TRY IT
Identify all lines below that hold "with" and collect them.

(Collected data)

(* Let $E:[0,\infty)\times\mathbb{R}^2\to\mathbb{R}^2$ and $b:[0,\infty)\times\mathbb{R}^2\to\mathbb{R}$ be continuous, with $b(t,x)\neq 0$ for all $(t,x)$, and set $B(t,x)=b(t,x)\,e_3$. Fix $\Delta t>0$, $T>0$, set $t^n=n\Delta t$ and $N_T=\lfloor T/\Delta t\rfloor$. For each $\varepsilon>0$ let $(x^n_\varepsilon,v^n_\varepsilon)_{0\le n\le N_T}\subset\mathbb{R}^2\times\mathbb{R}^2$ satisfy, for $0\le n\le N_T-1$, the first-order semi-implicit scheme $$\frac{x^{n+1}_\varepsilon-x^n_\varepsilon}{\Delta t}=\frac{v^{n+1}_\varepsilon}{\varepsilon},\qquad \frac{v^{n+1}_\varepsilon-v^n_\varepsilon}{\Delta t}=\frac1\varepsilon\Big(\frac{v^{n+1}_\varepsilon}{\varepsilon}\wedge B(t^n,x^n_\varepsilon)+E(t^n,x^n_\varepsilon)\Big).$$ Assume that for every $1\le n\le N_T$ the family $(x^n_\varepsilon,\varepsilon v^n_\varepsilon)_{\varepsilon>0}$ is bounded uniformly in $\varepsilon$, and that $(x^0_\varepsilon,\varepsilon v^0_\varepsilon)\to(y^0,0)$ as $\varepsilon\to0$. Then for every $0\le n\le N_T$, $x^n_\varepsilon\to y^n$ as $\varepsilon\to0$, where $(y^n)$ is defined by the given $y^0$ and $$\frac{y^{n+1}-y^n}{\Delta t}=U(t^n,y^n),\qquad 0\le n\le N_T-1.$$
   Context: Vectors of $\mathbb{R}^2$ are identified with vectors $(w_1,w_2,0)$ of $\mathbb{R}^3$, $e_3=(0,0,1)$, and $\wedge$ is the cross product; thus for $w\in\mathbb{R}^2$ and $B=b\,e_3$, $w\wedge B=b\,(w_2,-w_1)\in\mathbb{R}^2$. The guiding-center drift is $U(t,x)=\dfrac{E(t,x)\wedge B(t,x)}{\|B(t,x)\|^2}$. *)

theory Defs
  imports "HOL-Analysis.Analysis"
begin

text \<open>Vectors of R^2 are pairs (w1,w2), identified with (w1,w2,0) in R^3.
  For B = b e3, the cross product w \<and> B is b (w2, -w1).\<close>
definition wedge_e3 :: "real \<times> real \<Rightarrow> real \<Rightarrow> real \<times> real" where
  "wedge_e3 w b = (b * snd w, - (b * fst w))"

text \<open>Guiding-centre drift U = (E \<and> B) / |B|^2 with B = b e3, so |B| = |b|.\<close>
definition drift :: "(real \<Rightarrow> real \<times> real \<Rightarrow> real \<times> real) \<Rightarrow> (real \<Rightarrow> real \<times> real \<Rightarrow> real)
    \<Rightarrow> real \<Rightarrow> real \<times> real \<Rightarrow> real \<times> real" where
  "drift E b t x = (1 / (norm (b t x))\<^sup>2) *\<^sub>R wedge_e3 (E t x) (b t x)"

end

theory Submission
  imports Defs
begin

text \<open>Write D for the difference quotient of x from step n to n + 1. Multiplying the
  velocity equation by \<open>\<epsilon>\<close> gives \<open>(\<epsilon> v(n+1) - \<epsilon> v(n)) / \<Delta>t = D \<and> B + E\<close>. Since
  \<open>\<epsilon> v(n+1) = \<epsilon>\<^sup>2 D\<close> and x(n+1) is bounded, \<open>\<epsilon> v(n+1) \<rightarrow> 0\<close>; so if also
  \<open>\<epsilon> v(n) \<rightarrow> 0\<close>, the left-hand side vanishes in the limit. As \<open>b \<noteq> 0\<close>, the map
  \<open>w \<mapsto> w \<and> B\<close> is invertible and D tends to the drift \<open>U(t(n), y(n))\<close>. Induction on n
  carries both \<open>x(n) \<rightarrow> y(n)\<close> and \<open>\<epsilon> v(n) \<rightarrow> 0\<close>.\<close>

lemma wedge_e3_wedge_e3: "wedge_e3 (wedge_e3 w b) c = (- (b * c)) *\<^sub>R w"
  by (simp add: wedge_e3_def prod_eq_iff)

lemma wedge_e3_solve:
  assumes "b \<noteq> 0" and "wedge_e3 w b + e = r"
  shows "w = wedge_e3 (e - r) (1 / b)"
proof -
  have "wedge_e3 (r - e) (1 / b) = - w"
    using assms by (simp flip: assms(2) add: wedge_e3_wedge_e3)
  then have "w = - wedge_e3 (r - e) (1 / b)"
    by simp
  also have "\<dots> = wedge_e3 (e - r) (1 / b)"
    by (simp add: wedge_e3_def diff_divide_distrib)
  finally show ?thesis .
qed

lemma difference_quotient_eq:
  fixes p q d :: "'a::real_vector"
  assumes "h \<noteq> 0" and "(1 / h) *\<^sub>R (p - q) = d"
  shows "p = q + h *\<^sub>R d"
proof -
  have "p - q = h *\<^sub>R ((1 / h) *\<^sub>R (p - q))"
    using assms(1) by simp
  then show ?thesis
    unfolding assms(2) by (simp add: algebra_simps)
qed

lemma drift_eq_wedge_e3:
  assumes "b t z \<noteq> 0"
  shows "drift E b t z = wedge_e3 (E t z) (1 / b t z)"
  using assms by (simp add: drift_def wedge_e3_def prod_eq_iff power2_eq_square)

lemma tendsto_wedge_e3 [tendsto_intros]:
  assumes "(f \<longlongrightarrow> w) F" and "(g \<longlongrightarrow> c) F"
  shows "((\<lambda>x. wedge_e3 (f x) (g x)) \<longlongrightarrow> wedge_e3 w c) F"
  unfolding wedge_e3_def using assms by (intro tendsto_intros)

lemma tendsto_scaleR_zero_bounded:
  fixes g :: "'a \<Rightarrow> 'b::real_normed_vector"
  assumes f: "(f \<longlongrightarrow> 0) F" and g: "eventually (\<lambda>x. norm (g x) \<le> C) F"
  shows "((\<lambda>x. f x *\<^sub>R g x) \<longlongrightarrow> 0) F"
proof (rule Lim_null_comparison)
  show "eventually (\<lambda>x. norm (f x *\<^sub>R g x) \<le> \<bar>f x\<bar> * C) F"
    using g by eventually_elim (simp add: mult_left_mono)
  have "((\<lambda>x. \<bar>f x\<bar> * C) \<longlongrightarrow> \<bar>0\<bar> * C) F"
    using f by (intro tendsto_intros)
  then show "((\<lambda>x. \<bar>f x\<bar> * C) \<longlongrightarrow> 0) F"
    by simp
qed

lemma isCont_slice:
  assumes "continuous_on ({0..} \<times> UNIV) (\<lambda>(t, z). f t z)" and "t \<ge> 0"
  shows "isCont (f t) z"
proof -
  have "continuous_on UNIV (\<lambda>z. (\<lambda>(t, z). f t z) (t, z))"
    by (rule continuous_on_compose2[OF assms(1)]) (use assms(2) in \<open>auto intro!: continuous_intros\<close>)
  then show ?thesis
    by (simp add: continuous_on_eq_continuous_at)
qed

lemma scaled_velocity_tendsto_zero:
  fixes x x' v' :: "real \<Rightarrow> 'a::real_normed_vector"
  assumes dt_pos: "dt > 0"
    and x_lim: "(x \<longlongrightarrow> y) (at_right 0)"
    and x'_bounded: "\<And>\<epsilon>. \<epsilon> > 0 \<Longrightarrow> norm (x' \<epsilon>) \<le> C"
    and scheme_x: "\<And>\<epsilon>. \<epsilon> > 0 \<Longrightarrow> (1 / dt) *\<^sub>R (x' \<epsilon> - x \<epsilon>) = (1 / \<epsilon>) *\<^sub>R v' \<epsilon>"
  shows "((\<lambda>\<epsilon>. \<epsilon> *\<^sub>R v' \<epsilon>) \<longlongrightarrow> 0) (at_right 0)"
proof -
  have pos: "eventually (\<lambda>\<epsilon>::real. \<epsilon> > 0) (at_right 0)"
    by (simp add: eventually_at_right_less)
  have v'_eq: "\<epsilon> *\<^sub>R v' \<epsilon> = (\<epsilon>\<^sup>2 / dt) *\<^sub>R x' \<epsilon> - (\<epsilon>\<^sup>2 / dt) *\<^sub>R x \<epsilon>" if "\<epsilon> > 0" for \<epsilon>
  proof -
    have "\<epsilon> *\<^sub>R v' \<epsilon> = \<epsilon>\<^sup>2 *\<^sub>R ((1 / \<epsilon>) *\<^sub>R v' \<epsilon>)"
      using that by (simp add: power2_eq_square)
    also have "\<dots> = (\<epsilon>\<^sup>2 / dt) *\<^sub>R (x' \<epsilon> - x \<epsilon>)"
      by (simp flip: scheme_x[OF that])
    finally show ?thesis
      by (simp add: algebra_simps)
  qed
  have "((\<lambda>\<epsilon>. \<epsilon>\<^sup>2 / dt) \<longlongrightarrow> 0\<^sup>2 / dt) (at_right 0)"
    using dt_pos by (intro tendsto_intros) auto
  then have square_lim: "((\<lambda>\<epsilon>. \<epsilon>\<^sup>2 / dt) \<longlongrightarrow> 0) (at_right 0)"
    by simp
  have "((\<lambda>\<epsilon>. (\<epsilon>\<^sup>2 / dt) *\<^sub>R x' \<epsilon>) \<longlongrightarrow> 0) (at_right 0)"
    using square_lim eventually_mono[OF pos x'_bounded] by (rule tendsto_scaleR_zero_bounded)
  moreover have "((\<lambda>\<epsilon>. (\<epsilon>\<^sup>2 / dt) *\<^sub>R x \<epsilon>) \<longlongrightarrow> 0 *\<^sub>R y) (at_right 0)"
    by (intro tendsto_intros square_lim x_lim)
  ultimately have "((\<lambda>\<epsilon>. (\<epsilon>\<^sup>2 / dt) *\<^sub>R x' \<epsilon> - (\<epsilon>\<^sup>2 / dt) *\<^sub>R x \<epsilon>) \<longlongrightarrow> 0 - 0 *\<^sub>R y)
      (at_right 0)"
    by (rule tendsto_diff)
  then show ?thesis
    by (simp add: tendsto_cong[OF eventually_mono[OF pos v'_eq]])
qed

lemma semi_implicit_step_tendsto:
  fixes x x' v v' :: "real \<Rightarrow> real \<times> real" and e :: "real \<times> real \<Rightarrow> real \<times> real"
    and \<beta> :: "real \<times> real \<Rightarrow> real"
  assumes e_cont: "isCont e y" and \<beta>_cont: "isCont \<beta> y" and \<beta>_nz: "\<And>z. \<beta> z \<noteq> 0"
    and dt_pos: "dt > 0"
    and x_lim: "(x \<longlongrightarrow> y) (at_right 0)"
    and v_lim: "((\<lambda>\<epsilon>. \<epsilon> *\<^sub>R v \<epsilon>) \<longlongrightarrow> 0) (at_right 0)"
    and x'_bounded: "\<And>\<epsilon>. \<epsilon> > 0 \<Longrightarrow> norm (x' \<epsilon>) \<le> C"
    and scheme_x: "\<And>\<epsilon>. \<epsilon> > 0 \<Longrightarrow> (1 / dt) *\<^sub>R (x' \<epsilon> - x \<epsilon>) = (1 / \<epsilon>) *\<^sub>R v' \<epsilon>"
    and scheme_v: "\<And>\<epsilon>. \<epsilon> > 0 \<Longrightarrow> (1 / dt) *\<^sub>R (v' \<epsilon> - v \<epsilon>) =
        (1 / \<epsilon>) *\<^sub>R (wedge_e3 ((1 / \<epsilon>) *\<^sub>R v' \<epsilon>) (\<beta> (x \<epsilon>)) + e (x \<epsilon>))"
  shows "(x' \<longlongrightarrow> y + dt *\<^sub>R wedge_e3 (e y) (1 / \<beta> y)) (at_right 0)"
    and "((\<lambda>\<epsilon>. \<epsilon> *\<^sub>R v' \<epsilon>) \<longlongrightarrow> 0) (at_right 0)"
proof -
  show v'_lim: "((\<lambda>\<epsilon>. \<epsilon> *\<^sub>R v' \<epsilon>) \<longlongrightarrow> 0) (at_right 0)"
    using dt_pos x_lim x'_bounded scheme_x by (rule scaled_velocity_tendsto_zero)
  define D where "D \<epsilon> = (1 / \<epsilon>) *\<^sub>R v' \<epsilon>" for \<epsilon>
  define R where "R \<epsilon> = (1 / dt) *\<^sub>R (\<epsilon> *\<^sub>R v' \<epsilon> - \<epsilon> *\<^sub>R v \<epsilon>)" for \<epsilon>
  have "(R \<longlongrightarrow> (1 / dt) *\<^sub>R (0 - 0)) (at_right 0)"
    unfolding R_def by (intro tendsto_intros v_lim v'_lim)
  then have R_lim: "(R \<longlongrightarrow> 0) (at_right 0)"
    by simp
  have D_eq: "D \<epsilon> = wedge_e3 (e (x \<epsilon>) - R \<epsilon>) (1 / \<beta> (x \<epsilon>))" if "\<epsilon> > 0" for \<epsilon>
  proof (rule wedge_e3_solve[OF \<beta>_nz])
    have "R \<epsilon> = \<epsilon> *\<^sub>R ((1 / dt) *\<^sub>R (v' \<epsilon> - v \<epsilon>))"
      by (simp add: R_def algebra_simps)
    then show "wedge_e3 (D \<epsilon>) (\<beta> (x \<epsilon>)) + e (x \<epsilon>) = R \<epsilon>"
      using that by (simp add: scheme_v D_def)
  qed
  have x'_eq: "x' \<epsilon> = x \<epsilon> + dt *\<^sub>R D \<epsilon>" if "\<epsilon> > 0" for \<epsilon>
    using dt_pos scheme_x[OF that, folded D_def] by (intro difference_quotient_eq) auto
  have "((\<lambda>\<epsilon>. x \<epsilon> + dt *\<^sub>R wedge_e3 (e (x \<epsilon>) - R \<epsilon>) (1 / \<beta> (x \<epsilon>)))
      \<longlongrightarrow> y + dt *\<^sub>R wedge_e3 (e y - 0) (1 / \<beta> y)) (at_right 0)"
    by (intro tendsto_intros x_lim R_lim isCont_tendsto_compose[OF e_cont]
        isCont_tendsto_compose[OF \<beta>_cont] \<beta>_nz)
  moreover have "eventually (\<lambda>\<epsilon>. x \<epsilon> + dt *\<^sub>R wedge_e3 (e (x \<epsilon>) - R \<epsilon>) (1 / \<beta> (x \<epsilon>)) = x' \<epsilon>)
      (at_right 0)"
    using eventually_at_right_less by eventually_elim (simp add: x'_eq D_eq)
  ultimately show "(x' \<longlongrightarrow> y + dt *\<^sub>R wedge_e3 (e y) (1 / \<beta> y)) (at_right 0)"
    by (simp add: tendsto_cong)
qed

theorem proposition3p1:
  fixes E :: "real \<Rightarrow> real \<times> real \<Rightarrow> real \<times> real"
    and b :: "real \<Rightarrow> real \<times> real \<Rightarrow> real"
    and dt T :: real
    and x v :: "real \<Rightarrow> nat \<Rightarrow> real \<times> real"
    and y :: "nat \<Rightarrow> real \<times> real"
    and y0 :: "real \<times> real"
  assumes E_cont: "continuous_on ({0..} \<times> UNIV) (\<lambda>(t, z). E t z)"
    and b_cont: "continuous_on ({0..} \<times> UNIV) (\<lambda>(t, z). b t z)"
    and b_nz: "\<And>t z. t \<ge> 0 \<Longrightarrow> b t z \<noteq> 0"
    and dt_pos: "dt > 0" and T_pos: "T > 0"
    and scheme_x: "\<And>\<epsilon> n. \<epsilon> > 0 \<Longrightarrow> n < nat \<lfloor>T / dt\<rfloor> \<Longrightarrow>
        (1 / dt) *\<^sub>R (x \<epsilon> (Suc n) - x \<epsilon> n) = (1 / \<epsilon>) *\<^sub>R v \<epsilon> (Suc n)"
    and scheme_v: "\<And>\<epsilon> n. \<epsilon> > 0 \<Longrightarrow> n < nat \<lfloor>T / dt\<rfloor> \<Longrightarrow>
        (1 / dt) *\<^sub>R (v \<epsilon> (Suc n) - v \<epsilon> n) =
        (1 / \<epsilon>) *\<^sub>R (wedge_e3 ((1 / \<epsilon>) *\<^sub>R v \<epsilon> (Suc n)) (b (real n * dt) (x \<epsilon> n))
                        + E (real n * dt) (x \<epsilon> n))"
    and bounded: "\<And>n. 1 \<le> n \<Longrightarrow> n \<le> nat \<lfloor>T / dt\<rfloor> \<Longrightarrow>
        \<exists>C. \<forall>\<epsilon>>0. norm (x \<epsilon> n) \<le> C \<and> norm (\<epsilon> *\<^sub>R v \<epsilon> n) \<le> C"
    and init: "((\<lambda>\<epsilon>. (x \<epsilon> 0, \<epsilon> *\<^sub>R v \<epsilon> 0)) \<longlongrightarrow> (y0, 0)) (at_right 0)"
    and y_0: "y 0 = y0"
    and y_rec: "\<And>n. n < nat \<lfloor>T / dt\<rfloor> \<Longrightarrow>
        (1 / dt) *\<^sub>R (y (Suc n) - y n) = drift E b (real n * dt) (y n)"
  shows "\<forall>n \<le> nat \<lfloor>T / dt\<rfloor>. ((\<lambda>\<epsilon>. x \<epsilon> n) \<longlongrightarrow> y n) (at_right 0)"
proof -
  have "((\<lambda>\<epsilon>. x \<epsilon> n) \<longlongrightarrow> y n) (at_right 0) \<and> ((\<lambda>\<epsilon>. \<epsilon> *\<^sub>R v \<epsilon> n) \<longlongrightarrow> 0) (at_right 0)"
    if "n \<le> nat \<lfloor>T / dt\<rfloor>" for n
    using that
  proof (induction n)
    case 0
    show ?case
      using tendsto_fst[OF init] tendsto_snd[OF init] y_0 by simp
  next
    case (Suc n)
    define t where "t = real n * dt"
    have t: "t \<ge> 0" and n: "n < nat \<lfloor>T / dt\<rfloor>"
      using dt_pos Suc.prems by (auto simp: t_def)
    have X: "((\<lambda>\<epsilon>. x \<epsilon> n) \<longlongrightarrow> y n) (at_right 0)"
      and W: "((\<lambda>\<epsilon>. \<epsilon> *\<^sub>R v \<epsilon> n) \<longlongrightarrow> 0) (at_right 0)"
      using Suc by simp_all
    obtain C where C: "\<And>\<epsilon>. \<epsilon> > 0 \<Longrightarrow> norm (x \<epsilon> (Suc n)) \<le> C"
      using bounded[of "Suc n"] Suc.prems by auto
    have "y (Suc n) = y n + dt *\<^sub>R drift E b t (y n)"
      using dt_pos y_rec[OF n, folded t_def] by (intro difference_quotient_eq) auto
    also have "\<dots> = y n + dt *\<^sub>R wedge_e3 (E t (y n)) (1 / b t (y n))"
      using b_nz[OF t] by (simp add: drift_eq_wedge_e3)
    finally have y_Suc: "y (Suc n) = \<dots>" .
    show ?case
      using semi_implicit_step_tendsto[where x = "\<lambda>\<epsilon>. x \<epsilon> n" and x' = "\<lambda>\<epsilon>. x \<epsilon> (Suc n)"
          and v = "\<lambda>\<epsilon>. v \<epsilon> n" and v' = "\<lambda>\<epsilon>. v \<epsilon> (Suc n)",
          OF isCont_slice[OF E_cont t] isCont_slice[OF b_cont t] b_nz[OF t] dt_pos
          X W C scheme_x[OF _ n] scheme_v[OF _ n, folded t_def]]
      unfolding y_Suc by simp
  qed
  then show ?thesis
    by blast
qed

end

TASK RESULT
(* Let $E:[0,\infty)\times\mathbb{R}^2\to\mathbb{R}^2$ and $b:[0,\infty)\times\mathbb{R}^2\to\mathbb{R}$ be continuous, with $b(t,x)\neq 0$ for all $(t,x)$, and set $B(t,x)=b(t,x)\,e_3$. Fix $\Delta t>0$, $T>0$, set $t^n=n\Delta t$ and $N_T=\lfloor T/\Delta t\rfloor$. For each $\varepsilon>0$ let $(x^n_\varepsilon,v^n_\varepsilon)_{0\le n\le N_T}\subset\mathbb{R}^2\times\mathbb{R}^2$ satisfy, for $0\le n\le N_T-1$, the first-order semi-implicit scheme $$\frac{x^{n+1}_\varepsilon-x^n_\varepsilon}{\Delta t}=\frac{v^{n+1}_\varepsilon}{\varepsilon},\qquad \frac{v^{n+1}_\varepsilon-v^n_\varepsilon}{\Delta t}=\frac1\varepsilon\Big(\frac{v^{n+1}_\varepsilon}{\varepsilon}\wedge B(t^n,x^n_\varepsilon)+E(t^n,x^n_\varepsilon)\Big).$$ Assume that for every $1\le n\le N_T$ the family $(x^n_\varepsilon,\varepsilon v^n_\varepsilon)_{\varepsilon>0}$ is bounded uniformly in $\varepsilon$, and that $(x^0_\varepsilon,\varepsilon v^0_\varepsilon)\to(y^0,0)$ as $\varepsilon\to0$. Then for every $0\le n\le N_T$, $x^n_\varepsilon\to y^n$ as $\varepsilon\to0$, where $(y^n)$ is defined by the given $y^0$ and $$\frac{y^{n+1}-y^n}{\Delta t}=U(t^n,y^n),\qquad 0\le n\le N_T-1.$$
   Context: Vectors of $\mathbb{R}^2$ are identified with vectors $(w_1,w_2,0)$ of $\mathbb{R}^3$, $e_3=(0,0,1)$, and $\wedge$ is the cross product; thus for $w\in\mathbb{R}^2$ and $B=b\,e_3$, $w\wedge B=b\,(w_2,-w_1)\in\mathbb{R}^2$. The guiding-center drift is $U(t,x)=\dfrac{E(t,x)\wedge B(t,x)}{\|B(t,x)\|^2}$. *)
text \<open>Vectors of R^2 are pairs (w1,w2), identified with (w1,w2,0) in R^3.
text \<open>Guiding-centre drift U = (E \<and> B) / |B|^2 with B = b e3, so |B| = |b|.\<close>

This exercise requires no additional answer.